An Italian bishop has criticised a nativity scene that features a migrant dinghy at its centre.

The scene, which has been set up in a square in Castenaso, a small town near Bologna, shows the Virgin Mary holding baby Jesus in a rubber boat.

The town's mayor, Stefano Sermenghi, ordered the installation to symbolise the plight of the thousands of refugees and migrants who make the treacherous Mediterranean crossing each month to find a new home in Europe.

An estimated 3,086 migrants are feared to have drowned in the Mediterranean so far this year, according to the latest figures published by the International Organisation for Migration (IOM).

One of the most lethal routes is the crossing between North Africa and the Italian island of Lampedusa.

Sermenghi told La Repubblica newspaper that he wanted to raise awareness of the dangers migrants face when they flee violence and upheaval in their own countries. He added that the difficulties do not end when they reach land.

"Many people in Italy open their mouths, but then nobody does anything to provide a positive welcome to those who arrive," he said.

A local bishop took issue with Sermenghi's representation of the nativity. Ernesto Vecchi said that the Virgin Mary and Jesus should not be shown sitting in a boat.

"The central nucleus of a nativity scene calls for a child in swaddling clothes to be placed in a manger, and this must be respected," he told local newspaper Il Resto Di Carlino. "The most important part of the crib cannot be represented by a boat."
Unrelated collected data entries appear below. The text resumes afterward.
text \<open>Testing the hypothesis with the identity and with transpositions, and polarising.\<close>
lemma form_vanishes_on_axis_diff:
  fixes A :: "real^'n^'n"
  assumes H: "\<And>\<sigma> u. bij \<sigma> \<Longrightarrow> ones \<bullet> u = 0 \<Longrightarrow> u \<bullet> (A *v (transpose (perm_matrix \<sigma>) *v u)) = 0"
    and g: "ones \<bullet> g = 0" and ab: "a \<noteq> b"
  shows "g \<bullet> (A *v (axis a 1 - axis b 1)) = 0"
proof -
  have diag: "u \<bullet> (A *v u) = 0" if "ones \<bullet> u = 0" for u
    using H[of id u] that by (simp add: perm_matrix_id)
  have swap: "(u$a - u$b) * (u \<bullet> (A *v (axis a 1 - axis b 1))) = 0" if "ones \<bullet> u = 0" for u
  proof -
    have "0 = u \<bullet> (A *v (u - (u$a - u$b) *\<^sub>R (axis a 1 - axis b 1)))"
      using H[of "Transposition.transpose a b" u] that ab by (simp add: transpose_perm_matrix_swap)
    also have "\<dots> = u \<bullet> (A *v u) - (u$a - u$b) * (u \<bullet> (A *v (axis a 1 - axis b 1)))"
      by (simp add: matrix_vector_mult_diff_distrib matrix_vector_mult_scaleR inner_diff_right)
    finally show ?thesis using diag[OF that] by simp
  qed
  define f :: "real^'n" where "f = axis a 1 - axis b 1"
  have f1: "ones \<bullet> f = 0" by (simp add: f_def inner_ones_axis_diff)
  have f2: "f$a - f$b = 2" using ab by (simp add: f_def axis_def)
  have f3: "f \<bullet> (A *v f) = 0" using diag[OF f1] .
  obtain v where v: "v = f + g \<or> v = f - g" and "v$a - v$b > 0"
    using f2 by (cases "g$a - g$b \<ge> 0") (force intro: that[of "f + g"] that[of "f - g"])+
  moreover have "ones \<bullet> v = 0" using v f1 g by (auto simp: inner_add_right inner_diff_right)
  ultimately have "v \<bullet> (A *v f) = 0" using swap[of v] by (simp add: f_def)
  then show ?thesis using v f3 by (auto simp: inner_add_left inner_diff_left f_def)
qed

lemma form_vanishes_if_vanishes_on_axis_diff:
  fixes A :: "real^'n^'n"
  assumes H: "\<And>a b. g \<bullet> (A *v (axis a 1 - axis b 1)) = 0" and h: "ones \<bullet> h = 0"
  shows "g \<bullet> (A *v h) = 0"
proof -
  fix a0 :: 'n
  define c where "c = g \<bullet> (A *v axis a0 1)"
  have "g \<bullet> (A *v axis b 1) = c" for b
    using H[of b a0] by (simp add: c_def matrix_vector_mult_diff_distrib inner_diff_right)
  then have col: "(\<Sum>i\<in>UNIV. g$i * A$i$b) = c" for b
    by (simp add: inner_vec_def matrix_vector_mult_def axis_def if_distrib[of "\<lambda>x. _ * x"] cong: if_cong)
  have "g \<bullet> (A *v h) = (\<Sum>i\<in>UNIV. \<Sum>b\<in>UNIV. g$i * A$i$b * h$b)"
    by (simp add: inner_vec_def matrix_vector_mult_def sum_distrib_left mult.assoc)
  also have "\<dots> = (\<Sum>b\<in>UNIV. h$b * (\<Sum>i\<in>UNIV. g$i * A$i$b))"
    by (subst sum.swap) (simp add: sum_distrib_left mult.commute)
  also have "\<dots> = c * (ones \<bullet> h)" by (simp add: col inner_ones_left sum_distrib_left mult.commute)
  finally show ?thesis using h by simp
qed

lemma eq_Jmat_if_form_vanishes:
  fixes A :: "real^'n^'n"
  assumes rows: "A *v ones = ones" and cols: "transpose A *v ones = ones"
    and q: "\<And>g h. ones \<bullet> g = 0 \<Longrightarrow> ones \<bullet> h = 0 \<Longrightarrow> g \<bullet> (A *v h) = 0"
  shows "A = Jmat"
proof -
  have rs: "(\<Sum>l\<in>UNIV. A$i$l) = 1" for i
    using arg_cong[OF rows, of "\<lambda>v. v$i"] by (simp add: matrix_vector_mult_def)
  have cs: "(\<Sum>k\<in>UNIV. A$k$j) = 1" for j
    using arg_cong[OF cols, of "\<lambda>v. v$j"] by (simp add: matrix_vector_mult_def transpose_def)
  have "(axis i 1 - axis k 1) \<bullet> (A *v (axis j 1 - axis l 1)) = A$i$j - A$i$l - A$k$j + A$k$l"
    for i j k l
    by (simp add: matrix_vector_mult_diff_distrib inner_diff_left inner_diff_right axis_inner_matrix_axis)
  moreover have "(axis i 1 - axis k 1) \<bullet> (A *v (axis j 1 - axis l 1)) = 0" for i j k l
    by (rule q) (simp_all add: inner_ones_axis_diff)
  ultimately have e: "A$i$j - A$i$l - A$k$j + A$k$l = 0" for i j k l by metis
  have "A$i$j = 1 / real CARD('n)" for i j
  proof -
    have "(\<Sum>k\<in>UNIV. \<Sum>l\<in>UNIV. A$i$j - A$i$l - A$k$j + A$k$l) = 0" by (simp add: e)
    then have "real CARD('n) * real CARD('n) * A$i$j - real CARD('n) = 0"
      by (simp add: sum.distrib sum_subtractf rs) (simp add: sum_distrib_left[symmetric] cs)
    then have "real CARD('n) * (real CARD('n) * A$i$j - 1) = 0" by (simp add: algebra_simps)
    then show ?thesis by (simp add: field_simps)
  qed
  then show ?thesis by (simp add: vec_eq_iff Jmat_def)
qed
definition p_end :: "(nat \<Rightarrow> real) \<Rightarrow> (nat \<Rightarrow> real) \<Rightarrow> nat \<Rightarrow> real" where
  "p_end ps pd i = ps i * (1 - pd i) + (1 - ps i) * pd i"

end

theory Submission
  imports Defs
begin

text \<open>Relay i transmits bit W_t to the destination through the cascade of two binary symmetric
  channels, so the destination sees W_t flipped with probability p_i, independently over relays.
  Decode W_t by a majority vote over a set M of relays: it fails only if at least half of the
  relays in M flip, and since the mean number of flips is at most |M| p_MAX(M), Hoeffding's
  inequality bounds the error probability of every bit by exp (-2 |M| (1/2 - p_MAX(M))^2),
  which tends to 0 by hypothesis.\<close>

lemma Hoeffding_bernoulli_count:
  assumes fin: "finite A" and ne: "A \<noteq> {}" and q: "\<And>i. i \<in> A \<Longrightarrow> 0 \<le> q i \<and> q i \<le> 1"
    and e: "e \<ge> 0"
  shows "measure_pmf.prob (Pi_pmf A False (\<lambda>i. bernoulli_pmf (q i)))
           {f. (\<Sum>i\<in>A. q i) + e \<le> real (card {i\<in>A. f i})} \<le> exp (-2 * e\<^sup>2 / real (card A))"
proof -
  define P where "P = Pi_pmf A False (\<lambda>i. bernoulli_pmf (q i))"
  define X :: "'a \<Rightarrow> ('a \<Rightarrow> bool) \<Rightarrow> real" where "X = (\<lambda>i f. if f i then 1 else 0)"
  have expectation_X: "measure_pmf.expectation P (X i) = q i" if i: "i \<in> A" for i
  proof -
    have "measure_pmf.expectation P (X i) =
        measure_pmf.expectation (map_pmf (\<lambda>f. f i) P) (\<lambda>b. if b then 1 else 0 :: real)"
      by (simp add: X_def)
    also have "map_pmf (\<lambda>f. f i) P = bernoulli_pmf (q i)"
      using i fin by (simp add: P_def Pi_pmf_component)
    finally show ?thesis
      using q[OF i] by simp
  qed
  have sum_X: "(\<Sum>i\<in>A. X i f) = real (card {i\<in>A. f i})" for f
  proof -
    have "(\<Sum>i\<in>A. X i f) = (\<Sum>i\<in>{i\<in>A. f i}. 1)"
      using fin by (intro sum.mono_neutral_cong_right) (auto simp: X_def)
    thus ?thesis by simp
  qed
  interpret Hoeffding_ineq "measure_pmf P" A X "\<lambda>_. 0" "\<lambda>_. 1"
      "\<Sum>i\<in>A. measure_pmf.expectation P (X i)"
  proof unfold_locales
    show "prob_space.indep_vars (measure_pmf P) (\<lambda>_. borel) X A"
      unfolding P_def X_def
      by (intro prob_space.indep_vars_compose2[OF _ indep_vars_Pi_pmf])
         (auto simp: measure_pmf.prob_space_axioms fin)
  qed (auto simp: fin X_def)
  have "measure_pmf.prob P {f \<in> space (measure_pmf P).
          (\<Sum>i\<in>A. X i f) \<ge> (\<Sum>i\<in>A. measure_pmf.expectation P (X i)) + e}
        \<le> exp (-2 * e\<^sup>2 / (\<Sum>i\<in>A. (1 - 0)\<^sup>2))"
    by (rule Hoeffding_ineq_ge) (use e fin ne in auto)
  moreover have "(\<Sum>i\<in>A. measure_pmf.expectation P (X i)) = (\<Sum>i\<in>A. q i)"
    using expectation_X by simp
  ultimately show ?thesis
    by (simp add: P_def sum_X)
qed

lemma Pi_pmf_reindex_subset:
  assumes "finite A" "finite B" "inj_on g A" "g ` A \<subseteq> B"
  shows "map_pmf (\<lambda>f i. if i \<in> A then f (g i) else d) (Pi_pmf B d p) = Pi_pmf A d (\<lambda>i. p (g i))"
  using assms
proof (induction A arbitrary: B rule: finite_induct)
  case empty
  then show ?case by (simp add: map_pmf_const)
next
  case (insert x A)
  define B' where "B' = B - {g x}"
  have gx: "g x \<in> B" "g x \<notin> g ` A"
    using insert by auto
  have B: "B = insert (g x) B'" "g x \<notin> B'" "finite B'"
    using gx insert.prems by (auto simp: B'_def)
  have IH: "map_pmf (\<lambda>f i. if i \<in> A then f (g i) else d) (Pi_pmf B' d p) = Pi_pmf A d (\<lambda>i. p (g i))"
    by (rule insert.IH) (use insert gx in \<open>auto simp: B'_def image_iff\<close>)
  have update: "(\<lambda>i. if i \<in> insert x A then (f(g x := y)) (g i) else d) =
        (\<lambda>i. if i \<in> A then f (g i) else d)(x := y)" for f y
    using gx(2) insert.hyps by (auto simp: fun_eq_iff; metis image_eqI)
  have "map_pmf (\<lambda>f i. if i \<in> insert x A then f (g i) else d) (Pi_pmf B d p)
     = map_pmf (\<lambda>(y, f). (\<lambda>i. if i \<in> A then f (g i) else d)(x := y))
         (pair_pmf (p (g x)) (Pi_pmf B' d p))"
    unfolding B(1) Pi_pmf_insert[OF B(3,2)] pmf.map_comp o_def
    by (intro map_pmf_cong refl) (auto simp only: update split: prod.splits)
  also have "\<dots> = map_pmf (\<lambda>(y, h). h(x := y))
      (pair_pmf (p (g x)) (map_pmf (\<lambda>f i. if i \<in> A then f (g i) else d) (Pi_pmf B' d p)))"
    by (simp add: pair_map_pmf2 pmf.map_comp o_def case_prod_unfold)
  also have "\<dots> = Pi_pmf (insert x A) d (\<lambda>i. p (g i))"
    unfolding IH by (rule Pi_pmf_insert[symmetric]) (use insert in auto)
  finally show ?case .
qed
lemma distr_norm_lborel_real2:
  "distr (lborel :: (real^2) measure) borel norm = density lborel (\<lambda>r. ennreal (2 * pi * r) * indicator {0..} r)"
  (is "?D = ?R")
proof (rule measure_eqI_generator_eq[where E="range atMost" and \<Omega>=UNIV and A="\<lambda>i. {..real i}"])
  show "Int_stable (range (atMost :: real \<Rightarrow> real set))"
    by (auto simp: Int_stable_def)
  show "sets ?D = sigma_sets UNIV (range atMost)" "sets ?R = sigma_sets UNIV (range atMost)"
    by (simp_all add: borel_eq_atMost)
  show "(\<Union>i. {..real i}) = UNIV"
    by (auto simp: real_arch_simple)
  have cdf: "emeasure ?D {..b} = emeasure ?R {..b}" for b
  proof (cases "0 \<le> b")
    case True
    have "emeasure ?D {..b} = emeasure lborel (cball (0::real^2) b)"
      by (subst emeasure_distr) (auto intro!: arg_cong[where f="emeasure lborel"])
    also have "\<dots> = ennreal (pi * b\<^sup>2)"
      using True by (rule emeasure_cball_real2)
    also have "\<dots> = (\<integral>\<^sup>+x. ennreal (2 * pi * x) * indicator {0..b} x \<partial>lborel)"
      by (subst nn_integral_FTC_Icc[where F="\<lambda>x. pi * x\<^sup>2"])
         (auto intro!: derivative_eq_intros simp: True)
    also have "\<dots> = emeasure ?R {..b}"
      by (subst emeasure_density) (auto intro!: nn_integral_cong split: split_indicator)
    finally show ?thesis .
  next
    case False
    then have "norm -` {..b} = ({} :: (real^2) set)"
      by auto (meson norm_ge_zero order_trans)
    then have "emeasure ?D {..b} = 0"
      by (subst emeasure_distr) auto
    also have "\<dots> = emeasure ?R {..b}"
      using False by (subst emeasure_density) (auto intro!: nn_integral_zero' split: split_indicator)
    finally show ?thesis .
  qed
  then show "X \<in> range atMost \<Longrightarrow> emeasure ?D X = emeasure ?R X" for X
    by auto
  show "emeasure ?D {..real i} \<noteq> \<infinity>" for i
  proof -
    have "norm -` {..real i} = cball (0::real^2) (real i)"
      by (auto simp: dist_norm)
    then show ?thesis
      using emeasure_cball_real2[of "real i" 0] by (subst emeasure_distr) auto
  qed
qed auto

lemma nn_integral_norm_real2:
  assumes [measurable]: "\<phi> \<in> borel_measurable borel"
  shows "(\<integral>\<^sup>+w. \<phi> (norm w) \<partial>(lborel :: (real^2) measure))
    = (\<integral>\<^sup>+r. ennreal (2 * pi * r) * indicator {0..} r * \<phi> r \<partial>lborel)"
proof -
  have "(\<integral>\<^sup>+w. \<phi> (norm w) \<partial>(lborel :: (real^2) measure)) = (\<integral>\<^sup>+r. \<phi> r \<partial>distr lborel borel (norm :: real^2 \<Rightarrow> real))"
    by (subst nn_integral_distr) auto
  also have "\<dots> = (\<integral>\<^sup>+r. ennreal (2 * pi * r) * indicator {0..} r * \<phi> r \<partial>lborel)"
    unfolding distr_norm_lborel_real2 by (subst nn_integral_density) auto
  finally show ?thesis .
qed

lemma continuous_on_orthogonal_transformation:
  fixes f :: "'a::euclidean_space \<Rightarrow> 'a"
  assumes "orthogonal_transformation f"
  shows "continuous_on S f"
proof -
  have "linear f"
    using assms by (rule orthogonal_transformation_linear)
  then show ?thesis
    by (simp add: linear_conv_bounded_linear linear_continuous_on)
qed

lemma distr_lborel_orthogonal_transformation:
  fixes f :: "real^'n::{finite,wellorder} \<Rightarrow> real^'n::_"
  assumes f: "orthogonal_transformation f"
  shows "distr lborel borel f = lborel"
proof (rule lborel_eqI[symmetric])
  have cont: "continuous_on UNIV f"
    using f by (rule continuous_on_orthogonal_transformation)
  then have [measurable]: "f \<in> borel_measurable borel"
    by (rule borel_measurable_continuous_onI)
  show "sets (distr lborel borel f) = sets borel" by simp
  fix l u :: "(real, 'n) vec"
  assume le: "\<And>b. b \<in> Basis \<Longrightarrow> l \<bullet> b \<le> u \<bullet> b"
  have g: "orthogonal_transformation (inv f)"
    using f by (rule orthogonal_transformation_inv)
  have pre: "f -` box l u = inv f ` box l u"
    using orthogonal_transformation_bij[OF f] by (simp add: bij_vimage_eq_inv_image)
  have "bounded (f -` box l u)"
    unfolding pre using g
    by (intro bounded_linear_image) (auto simp: orthogonal_transformation_linear linear_linear)
  then have "emeasure (distr lborel borel f) (box l u) = ennreal (measure lborel (f -` box l u))"
    by (subst emeasure_distr) (auto simp: emeasure_lborel_bounded_eq_measure)
  also have "measure lborel (f -` box l u) = measure lebesgue (inv f ` box l u)"
  proof -
    have "open (f -` box l u)"
      using cont by (simp add: continuous_on_open_vimage open_box)
    then show ?thesis
      using pre by simp
  qed
  also have "\<dots> = measure lborel (box l u)"
    using g by (subst measure_orthogonal_image) auto
  finally show "emeasure (distr lborel borel f) (box l u) = (\<Prod>b\<in>Basis. (u - l) \<bullet> b)"
    using le by (simp add: emeasure_lborel_bounded_eq_measure[symmetric] emeasure_lborel_box_eq)
qed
When asked about the message the installation was sending, Vecchi said: "I'm not saying a crib cannot be enriched by other elements, and certainly, a boat is a symbol that reminds us of the need for hospitality, but don't forget that Jesus is the saviour of all problems, not just one."

More than 175,000 migrants and refugees have travelled to Europe this year, less than half the number in 2016, when almost 387,895 arrivals were recorded. Italy was the most popular destination, with 117 042 people arriving between January and the end of November.